Mahabir Chilarai is the one and only great warrior and legend of South Asia, who is equally respected by all the Koch Rajbanshis of India, Nepal, Bangladesh and Bhutan for his bravery, greatness and contribution. Mahabir Chilarai was born in 1510 AD in the Koch Royal Family of Kingdom of Kamatapur, an area presently part of India, Bangladesh, Bhutan and Nepal.
Chilarai alias Shukladhwaj Rai was the 3rd son of Biswa Singha, who established the Koch Dynasty in Kamatapur, the erstwhile Kamrup Country. After the death of Biswa Singha, his 2nd son Naranarayan become the ruler of Kamata Kingdom and Chilarai was entrusted with the responsibility of defense and administration of the vast country as both Generalissimo and the Dewan (Prime Minister). He was also the official Prince of the Kingdom. In his capacity as the Generalissimo of the large Koch Army, Shukladhwaj displayed such skills and promptness of action that he was nicknamed as Chilarai or the Kite King. As the Generalissimo of Kamatapur, Chilarai invaded the Ahom Kingdom and conquered the same. The Koches under the leadership Chilarai conquered Kachari Kingdom, Khairam (Khasi Kingdom), Jayantiya Kingdom, Dimorua, Manipur, Tripura, Mymensing and Srihatta or Sylhet. In the later part of his life, Chilarai joined hand with the Mughals and invaded Gauda (Bengal) and divided Gauda between Mughal Empire and the Koch (Kamatapur) Empire. During Chilarai’s time the country of Kamatapur was bounded on the west by the country of Mithila, on the east by the extreme frontier of Assam, on the North by the Himalayans and on the south by the shores of Bay of Bengal. Chilarai had consolidated the power of the Koch Dynasty in Kamatapur and transformed the infant Kingdom to a national domain.

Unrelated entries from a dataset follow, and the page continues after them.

lemma standard_basis_from_frame:
  assumes frame: "frame x y z" and r: "r \<in> {2, 3}" and isotropic: "r = 2 \<Longrightarrow> dot x y = 0"
    and ps: "ps = take r [dot x z, dot y z, dot x y]" "distinct ps" "vec.independent (set ps)"
  shows "\<exists>es. standard_basis r es"
proof -
  have "set ps \<subseteq> radical"
    using ps(1) set_take_subset[of r "[dot x z, dot y z, dot x y]"] dot_in_radical by auto
  then obtain qs where qs: "set qs \<subseteq> radical" and es: "distinct ([x, y, z] @ ps @ qs)"
    "vec.independent (set ([x, y, z] @ ps @ qs))" "vec.span (set ([x, y, z] @ ps @ qs)) = UNIV"
    using frame_basis_extension[OF frame _ ps(2,3)] by blast
  define es where "es = [x, y, z] @ ps @ qs"
  have radical_entries: "es ! k \<in> radical" if "3 \<le> k" "k < length es" for k
  proof -
    have "k = Suc (Suc (Suc (k - 3)))"
      using that(1) by simp
    then obtain m where "k = Suc (Suc (Suc m))" by blast
    then have "es ! k = (ps @ qs) ! m" "m < length (ps @ qs)"
      using that(2) by (simp_all add: es_def)
    then have "es ! k \<in> set (ps @ qs)"
      by (metis nth_mem)
    then show ?thesis
      using qs \<open>set ps \<subseteq> radical\<close> by auto
  qed
  have "dot (es ! i) (es ! j) = standard_product r es i j"
    if "i < length es" "j < length es" for i j
  proof (cases "3 \<le> i \<or> 3 \<le> j")
    case True
    then have "dot (es ! i) (es ! j) = 0"
      using that radical_entries radical_dot_left radical_dot_right by blast
    moreover have "standard_product r es i j = 0"
      using True by (auto simp: standard_product_def doubleton_eq_iff)
    ultimately show ?thesis by simp
  next
    case False
    then have "i \<in> {0, 1, 2}" "j \<in> {0, 1, 2}"
      by auto
    moreover have "es ! 0 = x" "es ! 1 = y" "es ! 2 = z" "es ! 3 = dot x z" "es ! 4 = dot y z"
      "r = 3 \<Longrightarrow> es ! 5 = dot x y"
      using r ps(1) by (auto simp: es_def numeral_2_eq_2 numeral_3_eq_3)
    ultimately show ?thesis
      using r isotropic commute[of y x] commute[of z x] commute[of z y]
      by (auto simp: standard_product_def doubleton_eq_iff)
  qed
  moreover have "r + 3 \<le> length es"
    using r ps(1) by (auto simp: es_def)
  ultimately show ?thesis
    using r es unfolding standard_basis_def es_def[symmetric] by blast
qed

lemma isotropic_frame_or_generic_products:
  assumes "frame e1 e2 e3"
  obtains (isotropic) x y z where "frame x y z" "dot x y = 0"
  | (generic) "dot e1 e2 \<noteq> 0" "dot e1 e3 \<noteq> 0" "dot e2 e3 \<noteq> 0"
      "dot e1 e2 \<noteq> dot e1 e3" "dot e1 e2 \<noteq> dot e2 e3" "dot e1 e3 \<noteq> dot e2 e3"
      "dot e1 e2 + dot e1 e3 \<noteq> dot e2 e3"
proof (cases "\<exists>x y z. frame x y z \<and> dot x y = 0")
  case True
  then show ?thesis using isotropic by blast
next
  case False
  then have nonzero: "dot x y \<noteq> 0" if "frame x y z" for x y z
    using that by blast
  have "frame e1 e3 e2" "frame e2 e3 e1"
    using assms by (simp_all add: frame_def insert_commute)
  moreover have "frame e1 (e2 + e3) e2" "frame e2 (e1 + e3) e1" "frame e3 (e1 + e2) e1"
    using frame_shear[of e3 e2 e1] frame_shear[of e3 e1 e2] frame_shear[of e2 e1 e3] assms
    by (simp_all add: frame_def insert_commute add.commute)
  moreover have "frame (e1 + e3) (e2 + e3) e3"
    using frame_shear[of e2 e3 "e1 + e3"] frame_shear[of e1 e3 e2] assms
    by (simp add: frame_def insert_commute add.commute)
  moreover have "dot e1 (e2 + e3) = dot e1 e2 + dot e1 e3"
    "dot e2 (e1 + e3) = dot e1 e2 + dot e2 e3" "dot e3 (e1 + e2) = dot e1 e3 + dot e2 e3"
    "dot (e1 + e3) (e2 + e3) = (dot e1 e2 + dot e1 e3) + dot e2 e3"
    using commute[of e2 e1] commute[of e3 e1] commute[of e3 e2]
    by (simp_all add: add_left add_right add_ac)
  ultimately show ?thesis
    using generic nonzero[OF assms] nonzero by (metis bit_vec_add_eq_0_iff)
qed

lemma exists_standard_basis: "\<exists>r es. standard_basis r es"
proof -
  obtain e1 e2 e3 where frame: "frame e1 e2 e3"
    by (rule exists_frame)
  then show ?thesis
  proof (cases rule: isotropic_frame_or_generic_products)
    case (isotropic x y z)
    then have "\<exists>es. standard_basis 2 es"
      using isotropic_frame_products[OF isotropic] independent_bit_pair
      by (intro standard_basis_from_frame[of x y z 2 "[dot x z, dot y z]"]) auto
    then show ?thesis by blast
  next
    case generic
    then have "\<exists>es. standard_basis 3 es"
      using frame independent_bit_triple[of "dot e1 e3" "dot e2 e3" "dot e1 e2"]
      by (intro standard_basis_from_frame[of e1 e2 e3 3 "[dot e1 e3, dot e2 e3, dot e1 e2]"])
        (auto simp: bit_vec_add_eq_iff add.commute)
    then show ?thesis by blast
  qed
qed

end

lemma dim_products_eq_if_iso:
  fixes p q :: "bit^'n \<Rightarrow> bit^'n \<Rightarrow> bit^'n"
  assumes g: "g \<in> GL" and iso: "\<And>a b. g (q a b) = p (g a) (g b)"
  shows "vec.dim {p a b | a b. True} = vec.dim {q a b | a b. True}"
proof -
  have "p a b = g (q (inv g a) (inv g b))" for a b
    using iso GL_apply_inv[OF g] by simp
  then have "{p a b | a b. True} = g ` {q a b | a b. True}"
    using iso by blast
  moreover have "inj_on g (vec.span {q a b | a b. True})"
    using bij_is_inj[OF GL_bij[OF g]] by (rule inj_on_subset) simp
  ultimately show ?thesis
    using vec.dim_image_eq[OF GL_linear[OF g]] by simp
qed

lemma codim3_products_isomorphic_iff:
  assumes p: "codim3_nil2_product p" and q: "codim3_nil2_product q"
  shows "(\<exists>g\<in>GL. \<forall>a b. g (q a b) = p (g a) (g b)) \<longleftrightarrow>
    vec.dim {p a b | a b. True} = vec.dim {q a b | a b. True}"
proof
  assume "\<exists>g\<in>GL. \<forall>a b. g (q a b) = p (g a) (g b)"
  then show "vec.dim {p a b | a b. True} = vec.dim {q a b | a b. True}"
    using dim_products_eq_if_iso by blast
next
  interpret p: codim3_nil2_product p by (rule p)
  interpret q: codim3_nil2_product q by (rule q)
  obtain r r' es es' where es: "p.standard_basis r es" and es': "q.standard_basis r' es'"
    using p.exists_standard_basis q.exists_standard_basis by blast
  assume "vec.dim {p a b | a b. True} = vec.dim {q a b | a b. True}"
  then have "q.standard_basis r es'"
    using es' p.dim_products_standard_basis[OF es] q.dim_products_standard_basis[OF es'] by simp
  then obtain g where "g \<in> GL" "\<And>a b. g (q a b) = p (g a) (g b)"
    using standard_bases_isomorphic[OF p.alt_nil2_product_axioms q.alt_nil2_product_axioms es]
    by blast
  then show "\<exists>g\<in>GL. \<forall>a b. g (q a b) = p (g a) (g b)"
    by blast
qed

lemma translation_groupD:
  assumes "translation_group T"
  shows "T \<subseteq> AGL" "\<And>t u. t \<in> T \<Longrightarrow> u \<in> T \<Longrightarrow> t \<circ> u = u \<circ> t"
    "\<And>t. t \<in> T \<Longrightarrow> t \<circ> t = id" "\<exists>!t. t \<in> T \<and> t a = b"
    "(\<lambda>t. xor_tr c \<circ> t \<circ> inv (xor_tr c)) ` T = T"
  using assms unfolding translation_group_def by simp_all

lemma tau_mem: "translation_group T \<Longrightarrow> tau T b \<in> T"
  and tau_zero: "translation_group T \<Longrightarrow> tau T b 0 = b"
  using theI'[OF translation_groupD(4)[of T 0 b]] unfolding tau_def by blast+

lemma tau_eqI: "translation_group T \<Longrightarrow> t \<in> T \<Longrightarrow> tau T (t 0) = t"
  unfolding tau_def by (rule the1_equality[OF translation_groupD(4)]) simp_all

lemma range_tau:
  assumes "translation_group T"
  shows "range (tau T) = T"
proof
  show "range (tau T) \<subseteq> T"
    using tau_mem[OF assms] by auto
  show "T \<subseteq> range (tau T)"
    using tau_eqI[OF assms] by (metis range_eqI subsetI)
qed

lemma tau_eq_dot_op: "tau T b x = x + b + dot_op T x b"
  unfolding dot_op_def circ_op_def by (simp add: add.assoc)

lemma dot_op_add_left:
  assumes T: "translation_group T"
  shows "dot_op T (a + b) c = dot_op T a c + dot_op T b c"
proof -
  obtain L k where L: "L \<in> GL" and tau: "tau T c = (\<lambda>x. L x + k)"
    using translation_groupD(1)[OF T] tau_mem[OF T, of c] unfolding AGL_def by blast
  then have "k = c"
    using tau_zero[OF T, of c] GL_zero[OF L] by simp
  then have "dot_op T x c = x + L x" for x
    using tau_eq_dot_op[of T c x] tau by (simp add: add.assoc bit_vec_add_eq_iff)
  then show ?thesis
    using GL_add[OF L] by (simp add: add_ac)
qed

lemma dot_op_commute:
  assumes T: "translation_group T"
  shows "dot_op T a b = dot_op T b a"
proof -
  have "tau T a (tau T b 0) = tau T b (tau T a 0)"
    using translation_groupD(2)[OF T tau_mem[OF T] tau_mem[OF T]] by (metis comp_apply)
  then show ?thesis
    using tau_zero[OF T] unfolding tau_eq_dot_op by (simp add: add.commute)
qed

Related: Bir Chilarai Divas - Assam
Chilarai was instrumental in giving shelter to the great Vaishnavite saint Sankardev in Kamatapur, after Sankardev was thrown out from the Ahom Kingdom. Sankardev completed most of his literary work in Kamatapur under the patronage of Naranarayan and Chilarai. Chilarai himself was a great scholar and he himself wrote an analytical annotation of poet Joydeva’s Geet Govinda as Sarabatisar and left an indelible imprint in Sanskrit literature.
Chilarai rebuilt the famous temple of Kamakhya which was in ruins that time. The present structure of the Kamakhya Temple is a contribution of Chilarai and Naranarayan. A stone image of Chilarai still stands inside the temple as a mark of his contribution. Originally called Suklwadev, he came to be known as Sangram Singha, Shukladhwaj, Samar Singha, Chilarai and many more. Mahapurush Sankardev conferred on him the title of Parama Rasiko Guru Raja Shukladhwaj ( King Shukladhwaj, the greatest preceptor of knowledge & art). Chilarai died after conquering Gauda (Bengal) due to small pox in the year 1571. As a mark of his this legendary warrior and Scholar of South Asia, every year his birth anniversary is observed across South Asia.
The birth anniversary of this great warrior and legend is celebrated every year as Bir Chilarai Divas across South Asia. From the year 2005, the Government of Assam (Indi) has been conferring Bir Chilarai Award, the highest honour for bravery to individuals.